Two simple observations:

One: We can observe that a burst of gas/air that is “puffed” at a target surface will exert a force (push) against said surface.

Two: If the distance between the source that is “puffing” gas and the target surface is increased, the resulting effective force against said surface decreases.

 

How can we visualize such an effect?
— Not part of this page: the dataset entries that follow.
lemma graphical_instance_subdivision_valuation:
  fixes f :: "'v \<Rightarrow> 'v set set \<Rightarrow> real"
  assumes inst: "graphical_instance V E f"
  shows "graphical_instance V' E' (subdivision_valuation V E f M)"
  unfolding graphical_instance_def
proof (intro ballI conjI allI impI)
  fix w X
  show "0 \<le> subdivision_valuation V E f M w X"
    using graphical_instance_nonneg[OF inst] by (simp add: subdivision_valuation_def)
next
  fix w and A B :: "'v set set" assume "A \<subseteq> B"
  show "subdivision_valuation V E f M w A \<le> subdivision_valuation V E f M w B"
  proof (cases "w \<in> V")
    case True
    have "f w (A \<inter> E) \<le> f w (B \<inter> E)"
      by (rule graphical_instance_mono[OF inst True]) (use \<open>A \<subseteq> B\<close> in auto)
    with True show ?thesis by (simp add: subdivision_valuation_def)
  qed (use \<open>A \<subseteq> B\<close> in \<open>auto simp: subdivision_valuation_def\<close>)
next
  fix w X assume X: "X \<subseteq> E'"
  show "subdivision_valuation V E f M w X = subdivision_valuation V E f M w (X \<inter> incident E' w)"
  proof (cases "w \<in> V")
    case True
    have "f w (X \<inter> E) = f w (X \<inter> E \<inter> incident E w)"
      by (rule graphical_instance_local[OF inst True]) simp
    also have "X \<inter> E \<inter> incident E w = X \<inter> incident E' w \<inter> E"
      using X unfolding incident_def by blast
    finally show ?thesis using True by (simp add: subdivision_valuation_def)
  next
    case False
    have "(\<exists>e\<in>X \<inter> M. w \<in> e) \<longleftrightarrow> (\<exists>e\<in>X \<inter> incident E' w \<inter> M. w \<in> e)"
      using X unfolding incident_def by blast
    then show ?thesis using False by (simp add: subdivision_valuation_def)
  qed
qed

lemma EFX_head_of_valued_edge:
  assumes efx: "EFX_orientation V E f h"
    and "a \<in> V" "b \<in> V" "a \<noteq> b" "{a, b} \<in> E"
    and val: "\<And>X. f b X = of_bool ({a, b} \<in> X)"
    and e: "e \<in> E" "e \<noteq> {a, b}" "h e = a"
  shows "h {a, b} = b"
proof (rule ccontr)
  assume "h {a, b} \<noteq> b"
  then have "h {a, b} = a"
    using EFX_orientation_head[OF efx \<open>{a, b} \<in> E\<close>] by blast
  then have "f b (bundle_of E h a - {e}) = 1" and "f b (bundle_of E h b) = 0"
    using val \<open>{a, b} \<in> E\<close> e(2) \<open>a \<noteq> b\<close> by (auto simp: bundle_of_def)
  moreover have "f b (bundle_of E h a - {e}) \<le> f b (bundle_of E h b)"
    using EFX_orientation_envy[OF efx \<open>b \<in> V\<close> \<open>a \<in> V\<close>] e by (simp add: bundle_of_def)
  ultimately show False by simp
qed

lemma EFX_head_forced_across_valued_edge:
  assumes efx: "EFX_orientation V E f h"
    and dist: "distinct [x0, x1, x2, x3]" and "x1 \<in> V" "x2 \<in> V"
    and edges: "{x0, x1} \<in> E" "{x1, x2} \<in> E" "{x2, x3} \<in> E"
    and val1: "\<And>X. f x1 X = of_bool ({x1, x2} \<in> X)"
    and val2: "\<And>X. f x2 X = of_bool ({x1, x2} \<in> X)"
    and "h {x0, x1} = x1"
  shows "h {x2, x3} = x3"
proof -
  have "h {x1, x2} = x2"
    by (rule EFX_head_of_valued_edge[OF efx \<open>x1 \<in> V\<close> \<open>x2 \<in> V\<close> _ edges(2) val2 edges(1)])
      (use dist \<open>h {x0, x1} = x1\<close> in \<open>auto simp: doubleton_eq_iff\<close>)
  moreover have "h {x2, x3} \<noteq> x2"
  proof
    assume "h {x2, x3} = x2"
    have swap: "{x2, x1} = {x1, x2}" by (rule insert_commute)
    have "h {x2, x1} = x1"
      by (rule EFX_head_of_valued_edge[OF efx \<open>x2 \<in> V\<close> \<open>x1 \<in> V\<close> _ _ _ edges(3) _ \<open>h {x2, x3} = x2\<close>])
        (use dist edges(2) val1 in \<open>auto simp: swap doubleton_eq_iff\<close>)
    with \<open>h {x1, x2} = x2\<close> dist show False by (simp add: swap)
  qed
  moreover have "h {x2, x3} \<in> {x2, x3}"
    by (rule EFX_orientation_head[OF efx edges(3)])
  ultimately show ?thesis by blast
qed

lemma path_edges_pair: "path_edges [u, v] = {{u, v}}"
  unfolding path_edges_def by auto

lemma path_edges_nth: "Suc i < length p \<Longrightarrow> {p ! i, p ! Suc i} \<in> path_edges p"
  unfolding path_edges_def by blast

lemma distinct_nth_inner:
  assumes "distinct p" "0 < k" "k < length p - 1"
  shows "p ! k \<in> set p - {hd p, last p}"
proof -
  have "p \<noteq> []" and "k < length p" using assms(3) by auto
  then show ?thesis
    using assms by (auto simp: hd_conv_nth last_conv_nth nth_eq_iff_index_eq)
qed
(* Let $T^\ast$ be the $n\times3$ minimal matrix representation of an acute $0/1$-triangle $\mathcal{T}^\ast$ in $[0,1]^n$ (so $\mathcal{T}^\ast$ is the minimal representative of its $\mathcal{B}_n$-orbit), and let $\mathcal{A}^n(\mathcal{T}^\ast)=\{t_1,\dots,t_p\}$. Then every minimal matrix representation of an acute $0/1$-tetrahedron having $\mathcal{T}^\ast$ as its minimal triangular facet (i.e. whose three leftmost columns form $T^\ast$) is among the matrices $[T^\ast\,|\,t_1],\dots,[T^\ast\,|\,t_p]$.
   Context: $\mathcal{B}_n$ is the group of symmetries of $[0,1]^n$, acting on $\{0,1\}^n$ by permuting coordinates and complementing a subset of coordinates. Column number of $x\in\{0,1\}^n$: $v_n^\top x$ with $v_n^\top=(2^0,\dots,2^{n-1})$. For an $n\times k$ $0/1$-matrix $P$ with distinct columns, $\nu(P)$ is the increasingly sorted vector of its column numbers. $P$ is a minimal matrix representation if its column numbers are strictly increasing left to right and $\nu(P)\preceq\nu(Q)$ lexicographically for every $Q$ obtained from $P$ by complementing some rows and then permuting rows. A set of points of $\{0,1\}^n$ is the vertex set of an acute $0/1$-simplex if it is affinely independent and all dihedral angles of its convex hull are acute (for a triangle: all angles $<\pi/2$); equivalently, with one vertex $a_0$ and $P=[a_1-a_0,\dots]$, $G=P^\top P$, $G^{-1}$ has negative off-diagonal entries and positive row sums. $\mathcal{A}^n(S)$ is the set of $v\in\{0,1\}^n$ such that $S\cup\{v\}$ is the vertex set of an acute $0/1$-simplex with one more vertex. *)

theory Defs
  imports Complex_Main "HOL-Combinatorics.Permutations"
begin

text \<open>Points of the cube {0,1}^n are encoded as functions nat => bool that are False
  outside {..<n}; an n x k 0/1-matrix is the list of its k columns.\<close>

definition cube :: "nat \<Rightarrow> (nat \<Rightarrow> bool) set" where
  "cube n = {x. \<forall>i\<ge>n. \<not> x i}"

definition colnum :: "nat \<Rightarrow> (nat \<Rightarrow> bool) \<Rightarrow> nat" where
  "colnum n x = (\<Sum>i<n. if x i then 2 ^ i else 0)"

definition nu :: "nat \<Rightarrow> (nat \<Rightarrow> bool) list \<Rightarrow> nat list" where
  "nu n P = sort (map (colnum n) P)"

definition lex_le :: "nat list \<Rightarrow> nat list \<Rightarrow> bool" where
  "lex_le xs ys \<longleftrightarrow> xs = ys \<or> (xs, ys) \<in> lexord {(a, b). a < b}"

definition row_op :: "nat \<Rightarrow> nat set \<Rightarrow> (nat \<Rightarrow> nat) \<Rightarrow> (nat \<Rightarrow> bool) \<Rightarrow> (nat \<Rightarrow> bool)" where
  "row_op n C \<sigma> x = (\<lambda>i. if i < n then (x (\<sigma> i) \<noteq> (\<sigma> i \<in> C)) else False)"

definition is_matrix :: "nat \<Rightarrow> nat \<Rightarrow> (nat \<Rightarrow> bool) list \<Rightarrow> bool" where
  "is_matrix n k P \<longleftrightarrow> length P = k \<and> set P \<subseteq> cube n \<and> distinct P"

definition minimal_matrix_rep :: "nat \<Rightarrow> nat \<Rightarrow> (nat \<Rightarrow> bool) list \<Rightarrow> bool" where
  "minimal_matrix_rep n k P \<longleftrightarrow>
     is_matrix n k P \<and>
     sorted_wrt (<) (map (colnum n) P) \<and>
     (\<forall>C \<sigma>. C \<subseteq> {..<n} \<longrightarrow> \<sigma> permutes {..<n} \<longrightarrow>
        lex_le (nu n P) (nu n (map (row_op n C \<sigma>) P)))"

text \<open>Acute 0/1-simplex: with vertex a0 and the remaining vertices listed as a1..ak,
  P = [a1-a0,...,ak-a0], G = P^T P; G is invertible (affine independence) and
  G^{-1} has negative off-diagonal entries and positive row sums.\<close>
definition gram :: "nat \<Rightarrow> (nat \<Rightarrow> bool) \<Rightarrow> (nat \<Rightarrow> bool) list \<Rightarrow> nat \<Rightarrow> nat \<Rightarrow> real" where
  "gram n a0 as i j =
     (\<Sum>l<n. (of_bool ((as ! i) l) - of_bool (a0 l)) * (of_bool ((as ! j) l) - of_bool (a0 l)))"

definition acute_simplex :: "nat \<Rightarrow> (nat \<Rightarrow> bool) set \<Rightarrow> bool" where
  "acute_simplex n S \<longleftrightarrow> finite S \<and> S \<subseteq> cube n \<and>
     (\<exists>a0 \<in> S. \<exists>as. distinct as \<and> set as = S - {a0} \<and>
        (let k = length as; G = gram n a0 as in
         \<exists>H :: nat \<Rightarrow> nat \<Rightarrow> real.
           (\<forall>i<k. \<forall>j<k. (\<Sum>l<k. G i l * H l j) = (if i = j then 1 else 0)) \<and>
           (\<forall>i<k. \<forall>j<k. i \<noteq> j \<longrightarrow> H i j < 0) \<and>
           (\<forall>i<k. (\<Sum>j<k. H i j) > 0)))"

definition acute_ext :: "nat \<Rightarrow> (nat \<Rightarrow> bool) set \<Rightarrow> (nat \<Rightarrow> bool) set" where
  "acute_ext n S = {v \<in> cube n. v \<notin> S \<and> acute_simplex n (insert v S)}"

end

theory Submission
  imports Defs
begin

text \<open>A 4-column matrix whose first three columns form T is T extended by its fourth column t,
  and acuteness of the tetrahedron, with t distinct from the columns of T, is exactly membership
  of t in the acute extension set of T.\<close>

lemma snoc_mem_acute_ext:
  assumes "set (T @ [t]) \<subseteq> cube n" and "distinct (T @ [t])"
    and "acute_simplex n (set (T @ [t]))"
  shows "t \<in> acute_ext n (set T)"
  using assms by (simp add: acute_ext_def)

lemma eq_take_snoc_nth:
  assumes "length M = Suc k" and "take k M = T"
  shows "M = T @ [M ! k]"
  using take_Suc_conv_app_nth[of k M] assms by simp

theorem proposition5p14:
  fixes n :: nat and T M :: "(nat \<Rightarrow> bool) list"
  assumes "minimal_matrix_rep n 3 T" and "acute_simplex n (set T)"
    and "minimal_matrix_rep n 4 M" and "acute_simplex n (set M)"
    and "take 3 M = T"
  shows "\<exists>t \<in> acute_ext n (set T). M = T @ [t]"
proof -
  have M: "length M = 4" "set M \<subseteq> cube n" "distinct M"
    using assms(3) by (auto simp: minimal_matrix_rep_def is_matrix_def)
  have M_snoc: "M = T @ [M ! 3]"
    using eq_take_snoc_nth[of M 3 T] M(1) assms(5) by simp
  have "M ! 3 \<in> acute_ext n (set T)"
    using snoc_mem_acute_ext[of T "M ! 3" n] M(2,3) assms(4) M_snoc by simp
  with M_snoc show ?thesis by blast
qed

end
lemma LST_ord2_eq_nn_integral_cdf:
  fixes \<mu> :: "real measure"
  assumes P\<mu>: "prob_space \<mu>" and sets_\<mu>: "sets \<mu> = sets borel" and nonneg: "AE x in \<mu>. 0 \<le> x"
    and t: "0 < t"
  shows "ennreal (LST_ord2 \<mu> a t)
       = (\<integral>\<^sup>+y. ennreal (order_stat_cdf a (measure \<mu> {..y})) * ennreal (exp_density t y) \<partial>lborel)"
proof -
  interpret pair_prob_space \<mu> \<mu>
    using P\<mu> by (simp add: pair_prob_space_def pair_sigma_finite_def prob_space_imp_sigma_finite)
  have space_\<mu>: "space \<mu> = UNIV" using sets_eq_imp_space_eq[OF sets_\<mu>] by simp
  have [measurable]: "(\<lambda>x. x) \<in> borel_measurable \<mu>" by (rule measurable_ident_sets[OF sets_\<mu>])
  define Z where "Z p = ord2 a (fst p) (snd p)" for p :: "real \<times> real"
  have Z_meas: "Z \<in> borel_measurable (\<mu> \<Otimes>\<^sub>M \<mu>)"
    unfolding Z_def ord2_def by measurable
  have Z_nonneg: "AE p in \<mu> \<Otimes>\<^sub>M \<mu>. 0 \<le> Z p"
  proof (rule AE_pair_measure)
    show "{p \<in> space (\<mu> \<Otimes>\<^sub>M \<mu>). 0 \<le> Z p} \<in> sets (\<mu> \<Otimes>\<^sub>M \<mu>)" using Z_meas by measurable
    show "AE x in \<mu>. AE y in \<mu>. 0 \<le> Z (x, y)"
      using nonneg by eventually_elim (use nonneg in eventually_elim, auto simp: Z_def ord2_def)
  qed
  have "integrable (\<mu> \<Otimes>\<^sub>M \<mu>) (\<lambda>p. exp (- t * Z p))"
    using Z_meas Z_nonneg t
    by (intro integrable_const_bound[where B=1]) (auto elim!: eventually_mono simp: mult_nonneg_nonneg)
  then have "ennreal (LST_ord2 \<mu> a t) = (\<integral>\<^sup>+p. ennreal (exp (- t * Z p)) \<partial>(\<mu> \<Otimes>\<^sub>M \<mu>))"
    unfolding LST_ord2_def Z_def by (simp add: nn_integral_eq_integral)
  also have "\<dots> = (\<integral>\<^sup>+y. ennreal (measure (\<mu> \<Otimes>\<^sub>M \<mu>) {p\<in>space (\<mu> \<Otimes>\<^sub>M \<mu>). Z p \<le> y})
      * ennreal (exp_density t y) \<partial>lborel)"
    by (rule nn_integral_exp_eq_cdf[OF P.prob_space_axioms t Z_meas Z_nonneg])
  also have "\<dots> = (\<integral>\<^sup>+y. ennreal (order_stat_cdf a (measure \<mu> {..y})) * ennreal (exp_density t y) \<partial>lborel)"
    using measure_ord2_le[OF P\<mu> space_\<mu>, of a] sets_\<mu> by (simp add: Z_def)
  finally show ?thesis .
qed

lemma nn_integral_PiM_sum_prod:
  fixes c :: "'i \<Rightarrow> ennreal" and f :: "'i \<Rightarrow> 'j \<Rightarrow> real \<Rightarrow> ennreal"
  assumes I: "finite I" and J: "finite J" and f_meas: "\<And>i j. f i j \<in> borel_measurable borel"
  shows "(\<integral>\<^sup>+y. (\<Sum>i\<in>I. c i * (\<Prod>j\<in>J. f i j (y j))) \<partial>PiM J (\<lambda>_. lborel))
       = (\<Sum>i\<in>I. c i * (\<Prod>j\<in>J. \<integral>\<^sup>+x. f i j x \<partial>lborel))"
proof -
  interpret PL: product_sigma_finite "\<lambda>_::'j. lborel" by standard
  have [measurable]: "f i j \<in> borel_measurable lborel" for i j
    using f_meas by (simp add: measurable_lborel1)
  show ?thesis
    by (simp add: nn_integral_sum nn_integral_cmult PL.product_nn_integral_prod[OF J])
qed

lemma ennreal_sum_mult_prod:
  fixes c :: "'i \<Rightarrow> real" and g :: "'i \<Rightarrow> 'j \<Rightarrow> real"
  assumes "\<And>i. i \<in> I \<Longrightarrow> 0 \<le> c i" and "\<And>i j. i \<in> I \<Longrightarrow> j \<in> J \<Longrightarrow> 0 \<le> g i j"
  shows "ennreal (\<Sum>i\<in>I. c i * (\<Prod>j\<in>J. g i j)) = (\<Sum>i\<in>I. ennreal (c i) * (\<Prod>j\<in>J. ennreal (g i j)))"
proof -
  have "ennreal (c i * (\<Prod>j\<in>J. g i j)) = ennreal (c i) * (\<Prod>j\<in>J. ennreal (g i j))" if "i \<in> I" for i
    using assms that by (simp add: ennreal_mult prod_nonneg prod_ennreal)
  then show ?thesis
    using assms by (subst sum_ennreal[symmetric]) (auto intro!: sum.cong mult_nonneg_nonneg prod_nonneg)
qed

lemma LST_ord2_zero:
  assumes "prob_space \<mu>"
  shows "LST_ord2 \<mu> a 0 = 1"
proof -
  interpret pair_prob_space \<mu> \<mu>
    using assms by (simp add: pair_prob_space_def pair_sigma_finite_def prob_space_imp_sigma_finite)
  show ?thesis by (simp add: LST_ord2_def P.prob_space)
qed

subsection \<open>The claim count and the claim sizes on the event N = n\<close>

lemma measure_N_eq_fgm_expect:
  fixes M :: "'a measure" and N :: "'a \<Rightarrow> nat"
  assumes P: "prob_space M" and N_meas[measurable]: "N \<in> measurable M (count_space UNIV)"
    and n: "1 \<le> n"
  shows "measure M {\<omega>\<in>space M. N \<omega> = n}
       = fgm_expect \<theta> n (\<lambda>i. pmf_ord2 (distr M (count_space UNIV) N) (i 0) n)"
proof -
  interpret prob_space M by fact
  define F where "F m = measure M {\<omega>\<in>space M. N \<omega> \<le> m}" for m
  have eq: "{\<omega>\<in>space M. N \<omega> = n} = {\<omega>\<in>space M. N \<omega> \<le> n} - {\<omega>\<in>space M. N \<omega> \<le> n - 1}"
    using n by auto
  have "measure M {\<omega>\<in>space M. N \<omega> = n} = F n - F (n - 1)"
    unfolding F_def eq by (rule finite_measure_Diff) auto
  also have "\<dots> = (\<Sum>i\<in>bern_vectors n. fgm_pmf \<theta> n i *
      (order_stat_cdf (i 0) (F n) - order_stat_cdf (i 0) (F (n - 1))))"
    by (simp add: right_diff_distrib sum_subtractf fgm_mixture_marginal0)
  also have "\<dots> = fgm_expect \<theta> n (\<lambda>i. pmf_ord2 (distr M (count_space UNIV) N) (i 0) n)"
    by (simp add: fgm_expect_def pmf_ord2_eq_diff[OF P N_meas n] F_def)
  finally show ?thesis .
qed
lemma has_integral_Gamma_half_initial:
  assumes "x \<ge> 0"
  shows "((\<lambda>t. exp (- t) * t powr (1/2 - 1) / (2 * sqrt pi)) has_integral
    integral {0..x} (\<lambda>s. exp (- pi * s\<^sup>2))) {0..pi * x\<^sup>2}"
proof -
  define g g' where "g t = sqrt (t / pi)" and "g' t = inverse (sqrt (t / pi)) / 2 / pi" for t
  have deriv: "(g has_field_derivative g' t) (at t within {0..pi * x\<^sup>2})" if "t \<in> {0..pi * x\<^sup>2} - {0}" for t
  proof -
    have "t / pi > 0"
      using that by auto
    then show ?thesis
      unfolding g_def g'_def by (auto intro!: derivative_eq_intros)
  qed
  have image: "g ` {0..pi * x\<^sup>2} \<subseteq> {0..x}"
    using assms by (auto simp: g_def pos_divide_le_eq mult.commute intro!: real_le_lsqrt)
  have "((\<lambda>t. g' t *\<^sub>R exp (- pi * (g t)\<^sup>2)) has_integral
          integral {g 0..g (pi * x\<^sup>2)} (\<lambda>s. exp (- pi * s\<^sup>2))
          - integral {g (pi * x\<^sup>2)..g 0} (\<lambda>s. exp (- pi * s\<^sup>2))) {0..pi * x\<^sup>2}"
  proof (rule has_integral_substitution_general[where s="{0}", OF _ _ image _ _ deriv])
    show "continuous_on {0..pi * x\<^sup>2} g"
      unfolding g_def by (intro continuous_intros) auto
    show "continuous_on {0..x} (\<lambda>s. exp (- pi * s\<^sup>2))"
      by (intro continuous_intros)
  qed auto
  moreover have "g 0 = 0" "g (pi * x\<^sup>2) = x"
    using assms by (simp_all add: g_def)
  moreover have "integral {x..0} (\<lambda>s. exp (- pi * s\<^sup>2)) = 0"
    using assms by (cases "x = 0") auto
  ultimately have "((\<lambda>t. g' t *\<^sub>R exp (- pi * (g t)\<^sup>2)) has_integral integral {0..x} (\<lambda>s. exp (- pi * s\<^sup>2)))
      {0..pi * x\<^sup>2}"
    by (simp only: diff_zero)
  moreover have "g' t *\<^sub>R exp (- pi * (g t)\<^sup>2) = exp (- t) * t powr (1/2 - 1) / (2 * sqrt pi)"
    if "t \<in> {0..pi * x\<^sup>2}" for t
  proof (cases "t = 0")
    case False
    with that have "t > 0"
      by simp
    then show ?thesis
      unfolding g_def g'_def by (simp add: powr_minus powr_half_sqrt real_sqrt_divide field_simps)
  qed (simp add: g'_def)
  ultimately show ?thesis
    by (rule has_integral_eq[rotated])
qed

lemma has_integral_Gamma_half_Eerr:
  assumes "x \<ge> 0"
  shows "((\<lambda>t. exp (- t) * t powr (1/2 - 1)) has_integral sqrt pi * Eerr x) {0..pi * x\<^sup>2}"
proof -
  have "((\<lambda>t. 2 * sqrt pi * (exp (- t) * t powr (1/2 - 1) / (2 * sqrt pi))) has_integral
      2 * sqrt pi * integral {0..x} (\<lambda>s. exp (- pi * s\<^sup>2))) {0..pi * x\<^sup>2}"
    using has_integral_Gamma_half_initial[OF assms] by (rule has_integral_mult_right)
  then show ?thesis
    by (simp add: Eerr_eq_integral[OF assms] mult_ac)
qed

definition Zwegers_beta :: "real \<Rightarrow> real" where
  "Zwegers_beta x = Gamma_inc (1/2) (pi * x) / sqrt pi"

lemma Eerr_eq_sgn_Zwegers_beta: "Eerr x = sgn x * (1 - Zwegers_beta (x\<^sup>2))"
proof -
  have pos: "Eerr x = 1 - Zwegers_beta (x\<^sup>2)" if "x > 0" for x
  proof -
    have "((\<lambda>t. exp (- t) * t powr (1/2 - 1)) has_integral Gamma (1/2) - Gamma_inc (1/2) (pi * x\<^sup>2))
        {0..pi * x\<^sup>2}"
      by (rule has_integral_Gamma_minus_Gamma_inc) auto
    with has_integral_Gamma_half_Eerr have "sqrt pi * Eerr x = Gamma (1/2) - Gamma_inc (1/2) (pi * x\<^sup>2)"
      using that by (meson has_integral_unique less_imp_le)
    then show ?thesis
      by (simp add: Zwegers_beta_def Gamma_one_half_real field_simps)
  qed
  consider "x > 0" | "x = 0" | "x < 0"
    by linarith
  then show ?thesis
  proof cases
    case 1
    then show ?thesis
      by (simp add: pos)
  next
    case 2
    then show ?thesis
      by (simp add: Eerr_eq_integral)
  next
    case 3
    then show ?thesis
      using pos[of "- x"] Eerr_minus[of "- x"] by simp
  qed
qed

lemma Zwegers_beta_nonneg: "x \<ge> 0 \<Longrightarrow> Zwegers_beta x \<ge> 0"
  unfolding Zwegers_beta_def by (simp add: Gamma_inc_nonneg)

lemma Zwegers_beta_le:
  assumes "x > 0"
  shows "Zwegers_beta x \<le> exp (- pi * x) / (pi * sqrt x)"
proof -
  have "Gamma_inc (1/2) (pi * x) \<le> (pi * x) powr (1/2 - 1) * exp (- (pi * x))"
    using assms by (intro Gamma_inc_le) auto
  also have "\<dots> = sqrt pi * (exp (- pi * x) / (pi * sqrt x))"
    using assms by (simp add: powr_minus powr_half_sqrt real_sqrt_mult field_simps)
  finally show ?thesis
    unfolding Zwegers_beta_def by (simp add: field_simps)
qed

section \<open>Sums over the integer lattice\<close>

lemma summable_on_exp_neg_abs_int:
  fixes c :: real
  assumes "c > 0"
  shows "(\<lambda>k::int. exp (- c * \<bar>of_int k\<bar>)) summable_on UNIV"
proof -
  let ?g = "\<lambda>k::int. exp (- c * \<bar>of_int k\<bar>)"
  have "summable (\<lambda>n. exp (- c) ^ n)"
    using assms by (intro summable_geometric) simp
  then have geom: "(\<lambda>n::nat. exp (- c * real n)) summable_on UNIV"
    by (simp add: summable_on_UNIV_nonneg_real_iff exp_of_nat_mult[symmetric] mult.commute)
  then have "?g summable_on range int"
    by (subst summable_on_reindex) (auto simp: o_def)
  moreover have "(\<lambda>n::nat. ?g (- int n - 1)) summable_on UNIV"
    using geom by (rule summable_on_comparison_test) (use assms in auto)
  then have "?g summable_on range (\<lambda>n::nat. - int n - 1)"
    by (subst summable_on_reindex) (auto simp: o_def inj_on_def)
  moreover have "range int \<union> range (\<lambda>n::nat. - int n - 1) = UNIV"
    by (auto simp: image_iff) presburger
  ultimately show ?thesis
    by (metis summable_on_union)
qed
There are various experiments that can be done to observe the described effect, what follows is a description of a test bed setup that is simple and inexpensive to set up.

 

As illustrated in fig 1, all that is necessary is a test bed (1), an apparatus/nozzle (2)that will “puff” air in a given direction, a target surface (3) made of light material not attached to the test bed, a bellows foot pump (4) all enclosed in a transparent box(5)

 

The dimensions of the box were 3m long, 40cm height and width.

 

 

Fig 1

 

We place the target (3) a short distance (D1) from the nozzle (2), when we give the foot pump (4) a strong squeeze we shall observe that target (3) reacts to the force of air by moving a short distance (R1)

 

Fig 2

 

If we repeat the experiment (fig 2) after increment the distance (Dx) between nozzle (2) and target (3) we shall observe the resulting movement (Rx) decreases, we can state that the resulting effective force on a surface by a burst of air is reduced when the distance that separates the nozzle and target is incremented.

 

Fig 3

 

Important.

This described observation is possible when the dimensions of the box are sufficient to encourage a turbulent behavior of the “puffed” air, if we encloses the “puffed” air in a duct (tube), the air will behave in laminar flow fashion and the resulting distance the target moves does not vary in the same magnitude as when a turbulent behavior is allowed (Figs 3 and 4).

 

Fig 4

 

Expelling bound molecules (solid) from the nozzle to the target

 

Fig 5

 

If a ball is attached to the nozzle, and we repeat the experiment we shall observe:

 

Fig 6

 

 

When the bellows foot pump is pressed, the burst of air propels the ball until it collides with the target, a measurable  movement (Rb1) is observed.

 

 

Fig 7

 

If we increment the distance separation the nozzle from the target (Dx) we will see that the resulting durance (Rbx) does not differ in the same magnitude as in figs 1 to 3, therefore deduce that the force received by the target (when a solid hurled at it) is not dependent on the distance (within a reasonable margins) behaving as expected in normal classroom experiments that demonstrate the conservation of linear momentum. 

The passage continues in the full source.